__What you need to do__. Begin at the line containing "(simp add: mult_le_0_iff)" and reproduce every line through the end of the entries below. Nothing else should appear.

__Data__.
(* Let $k\ge 4$ be an integer and let $C$ be a circular ordering of the vertex set of the path $P_k$. Then $(P_k,C)$ is $LF$-free if and only if it is a $k$-zigzag.
   Context: A circular ordering of a finite set is obtained by placing its elements at distinct points of a circle. A circularly ordered graph is a graph with a circular ordering of its vertices; isomorphism means a graph isomorphism preserving circular orderings; induced circularly ordered subgraphs are induced subgraphs with the restricted ordering. $LF$ consists of the following circularly ordered graphs (vertices $v_1,v_2,\dots$ clockwise in this order; listed edges are all edges): the triangle on $v_1,v_2,v_3$; on $v_1,\dots,v_4$: edges $v_1v_2,v_2v_3,v_3v_4,v_4v_1$; edges $v_1v_2,v_2v_4,v_4v_3,v_3v_1$; edges $v_1v_2,v_2v_3,v_3v_4$; edges $v_3v_1,v_1v_4,v_4v_2$; edges $v_3v_1,v_3v_2,v_3v_4$. $(P_k,C)$ is $LF$-free if it has no induced circularly ordered subgraph isomorphic to a member of $LF$. Let $Z$ be the circularly ordered graph on $v_1,\dots,v_4$ (clockwise) with edges $v_1v_2,v_2v_4,v_4v_3$, and $Z^\ast$ the one with edges $v_2v_1,v_1v_3,v_3v_4$. A $k$-zigzag is a circular ordering of $P_k$ in which every induced subgraph isomorphic to $P_4$ (with the restricted circular ordering) is isomorphic to $Z$ or $Z^\ast$. *)

theory Defs
  imports Main
begin

text \<open>A circularly ordered graph is given by a vertex set V, a symmetric irreflexive
adjacency E, and an injective position map pos into a linear order; the vertices
are placed clockwise on the circle in increasing order of pos.\<close>

text \<open>Small pattern graphs: vertices 0..m-1 listed clockwise (v1 = 0, v2 = 1, ...),
edges given as a list of pairs.\<close>
definition pat_adj :: "(nat \<times> nat) list \<Rightarrow> nat \<Rightarrow> nat \<Rightarrow> bool" where
  "pat_adj es i j \<longleftrightarrow> (i, j) \<in> set es \<or> (j, i) \<in> set es"
lemma sum_sign_consistent_neq_0:
  assumes "finite S" "\<forall>j\<in>S. ereal (g j) * q \<noteq> -\<infinity>" "\<bar>q\<bar> = \<infinity>" "i \<in> S" "g i \<noteq> 0"
  shows "sum g S \<noteq> 0"
proof (cases "q = \<infinity>")
  case True
  then have "\<forall>j\<in>S. 0 \<le> g j" using assms(2) unfolding ereal_times_neq_MInf_iff by simp
  with assms(4,5) have "0 < sum g S"
    by (intro sum_pos2[OF assms(1,4)]) (auto simp: order_le_less)
  then show ?thesis by simp
next
  case False
  then have "q = -\<infinity>" using assms(3) by auto
  then have "\<forall>j\<in>S. g j \<le> 0" using assms(2) unfolding ereal_times_neq_MInf_iff by simp
  with assms(4,5) have "0 < (\<Sum>j\<in>S. - g j)"
    by (intro sum_pos2[OF assms(1,4)]) (auto simp: order_le_less)
  then show ?thesis by (simp add: sum_negf)
qed

lemma lin_sum_eq_PInf_iff:
  "finite S \<Longrightarrow> lin_sum S \<alpha> Q = \<infinity> \<longleftrightarrow> (\<exists>X\<in>S. ereal (\<alpha> X) * Q X = \<infinity>)"
  by (simp add: lin_sum_def sum_Pinfty)
lemma linear_coeff_bound_of_quadratic_nonneg:
  fixes X L d e R s :: real
  assumes nonneg: "\<And>t. 0 < t \<Longrightarrow> t \<le> 1 \<Longrightarrow> 0 \<le> t * X + t\<^sup>2 * (L * d\<^sup>2) + e"
    and "L \<ge> 1" "d \<ge> 0" "R \<ge> 0" "e \<ge> 0" and eL: "2 * e * L \<le> s * R\<^sup>2" and "s \<le> 1/2" "0 \<le> s"
  shows "- X \<le> R * d + s * R\<^sup>2 / 2"
proof -
  have "2 * e \<le> 2 * e * L" using \<open>e \<ge> 0\<close> \<open>L \<ge> 1\<close> by (simp add: mult_le_cancel_left1)
  then have e: "e \<le> s * R\<^sup>2 / 2" using eL by simp
  consider "L * d\<^sup>2 \<le> R * d / 2" | "R = 0" | "R > 0" "L * d\<^sup>2 > R * d / 2"
    using \<open>R \<ge> 0\<close> by fastforce
  then show ?thesis
  proof cases
    case 1
    moreover have "0 \<le> R * d" using \<open>R \<ge> 0\<close> \<open>d \<ge> 0\<close> by simp
    ultimately show ?thesis using nonneg[of 1] e by simp
  next
    case 2
    \<comment> \<open>then e = 0, and letting t tend to 0 in X + t L d^2 \<ge> 0 gives X \<ge> 0\<close>
    have "e = 0" using e \<open>e \<ge> 0\<close> 2 by simp
    have "- X \<le> 0 + t * (L * d\<^sup>2)" if "0 < t" "t \<le> 1" for t
    proof -
      have "0 \<le> t * (X + t * (L * d\<^sup>2))"
        using nonneg[OF that] \<open>e = 0\<close> by (simp add: power2_eq_square algebra_simps)
      then show ?thesis using \<open>0 < t\<close> by (simp add: zero_le_mult_iff)
    qed
    then have "- X \<le> 0"
      by (rule le_of_le_add_small_multiple) (use \<open>L \<ge> 1\<close> in \<open>auto intro: mult_nonneg_nonneg\<close>)
    then show ?thesis using 2 by simp
  next
    case 3
    then have "d > 0" using \<open>d \<ge> 0\<close> by (cases "d = 0") auto
    define t where "t = R / (2 * L * d)"
    have t: "0 < t" "t \<le> 1"
      using 3 \<open>d > 0\<close> \<open>L \<ge> 1\<close> unfolding t_def by (auto simp: field_simps power2_eq_square)
    have "t * (X + t * (L * d\<^sup>2) + e / t) = t * X + t\<^sup>2 * (L * d\<^sup>2) + e"
      using t by (simp add: field_simps power2_eq_square)
    then have "0 \<le> t * (X + t * (L * d\<^sup>2) + e / t)" using nonneg[OF t] by simp
    then have "- X \<le> t * (L * d\<^sup>2) + e / t" using t by (simp add: zero_le_mult_iff)
    moreover have "t * (L * d\<^sup>2) = R * d / 2"
      unfolding t_def using \<open>L \<ge> 1\<close> \<open>d > 0\<close> by (simp add: field_simps power2_eq_square)
    moreover have "e / t \<le> s * R * d"
    proof -
      have "e / t = (2 * e * L) * d / R" unfolding t_def using 3 \<open>L \<ge> 1\<close> \<open>d > 0\<close> by (simp add: field_simps)
      also have "\<dots> \<le> (s * R\<^sup>2) * d / R" using eL \<open>d > 0\<close> 3 by (simp add: divide_right_mono mult_right_mono)
      finally show ?thesis using 3 by (simp add: power2_eq_square)
    qed
    moreover have "s * R * d \<le> R * d / 2" using \<open>s \<le> 1/2\<close> 3 \<open>d > 0\<close> by simp
    moreover have "0 \<le> s * R\<^sup>2 / 2" using \<open>0 \<le> s\<close> by simp
    ultimately show ?thesis by linarith
  qed
qed

context iapial_problem
begin

lemma exists_descent_direction:
  assumes "z \<in> H" and q: "q \<in> dual_cone K" and "q \<bullet> g z \<ge> 0"
  shows "\<exists>y\<in>H. q \<bullet> g' z (y - z) \<le> - (min 1 dbar * tau * norm q)"
proof -
  let ?m = "min 1 dbar"
  have m: "0 < ?m" "?m \<le> 1" using dbar_pos by auto
  have "q \<bullet> g zbar \<le> 0" using q zbar_feasible unfolding dual_cone_def by force
  moreover have gz: "q \<bullet> g' z (zbar - z) \<le> q \<bullet> g zbar - q \<bullet> g z" by (rule dual_gradient_ineq[OF q])
  moreover have "max (norm (adjoint (g' z) q)) \<bar>q \<bullet> g zbar\<bar> \<ge> tau * norm q"
    using regularity \<open>z \<in> H\<close> q by blast
  ultimately consider "norm (adjoint (g' z) q) \<ge> tau * norm q" | "q \<bullet> g zbar \<le> - (tau * norm q)"
    by (fastforce simp: max_def split: if_splits)
  then show ?thesis
  proof cases
    case 1
    \<comment> \<open>move from zbar a distance min 1 dbar against the gradient direction, staying in H\<close>
    define a where "a = adjoint (g' z) q"
    show ?thesis
    proof (cases "a = 0")
      case True
      then have "q = 0" using 1 tau_pos unfolding a_def by (simp add: mult_le_0_iff)
      then show ?thesis using zbar_in_H by auto
    next
      case False
      define y where "y = zbar - (?m / norm a) *\<^sub>R a"
      have "y \<in> H" using m False by (intro mem_H_if_near_zbar) (simp add: y_def)
      have "y - z = (zbar - z) - (?m / norm a) *\<^sub>R a" by (simp add: y_def algebra_simps)
      then have "q \<bullet> g' z (y - z) = q \<bullet> g' z (zbar - z) - (?m / norm a) * (g' z a \<bullet> q)"
        by (simp add: linear_diff[OF linear_g'] linear_scale[OF linear_g'] inner_diff_right inner_commute)
      also have "g' z a \<bullet> q = (norm a)\<^sup>2"
        using adjoint_works[OF linear_g'[of z], of a q] by (simp add: a_def power2_norm_eq_inner)
      finally have "q \<bullet> g' z (y - z) = q \<bullet> g' z (zbar - z) - ?m * norm a"
        using False by (simp add: power2_eq_square)
      moreover have "?m * (tau * norm q) \<le> ?m * norm a" using 1 m unfolding a_def by simp
      ultimately show ?thesis
        using \<open>y \<in> H\<close> gz \<open>q \<bullet> g z \<ge> 0\<close> \<open>q \<bullet> g zbar \<le> 0\<close> by (intro bexI[of _ y]) (simp_all add: mult.assoc)
    qed
  next
    case 2
    have "?m * (tau * norm q) \<le> tau * norm q" using m tau_pos by (simp add: mult_left_le_one_le)
    then show ?thesis using 2 gz \<open>q \<bullet> g z \<ge> 0\<close> zbar_in_H by (intro bexI[of _ zbar]) (simp_all add: mult.assoc)
  qed
qed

__Result__.
      then have "q = 0" using 1 tau_pos unfolding a_def by (simp add: mult_le_0_iff)
      then show ?thesis using zbar_in_H by auto
    next
      case False
      define y where "y = zbar - (?m / norm a) *\<^sub>R a"
      have "y \<in> H" using m False by (intro mem_H_if_near_zbar) (simp add: y_def)
      have "y - z = (zbar - z) - (?m / norm a) *\<^sub>R a" by (simp add: y_def algebra_simps)
      then have "q \<bullet> g' z (y - z) = q \<bullet> g' z (zbar - z) - (?m / norm a) * (g' z a \<bullet> q)"
        by (simp add: linear_diff[OF linear_g'] linear_scale[OF linear_g'] inner_diff_right inner_commute)
      also have "g' z a \<bullet> q = (norm a)\<^sup>2"
        using adjoint_works[OF linear_g'[of z], of a q] by (simp add: a_def power2_norm_eq_inner)
      finally have "q \<bullet> g' z (y - z) = q \<bullet> g' z (zbar - z) - ?m * norm a"
        using False by (simp add: power2_eq_square)
      moreover have "?m * (tau * norm q) \<le> ?m * norm a" using 1 m unfolding a_def by simp
      ultimately show ?thesis
        using \<open>y \<in> H\<close> gz \<open>q \<bullet> g z \<ge> 0\<close> \<open>q \<bullet> g zbar \<le> 0\<close> by (intro bexI[of _ y]) (simp_all add: mult.assoc)
    qed
  next
    case 2
    have "?m * (tau * norm q) \<le> tau * norm q" using m tau_pos by (simp add: mult_left_le_one_le)
    then show ?thesis using 2 gz \<open>q \<bullet> g z \<ge> 0\<close> zbar_in_H by (intro bexI[of _ zbar]) (simp_all add: mult.assoc)
  qed
qed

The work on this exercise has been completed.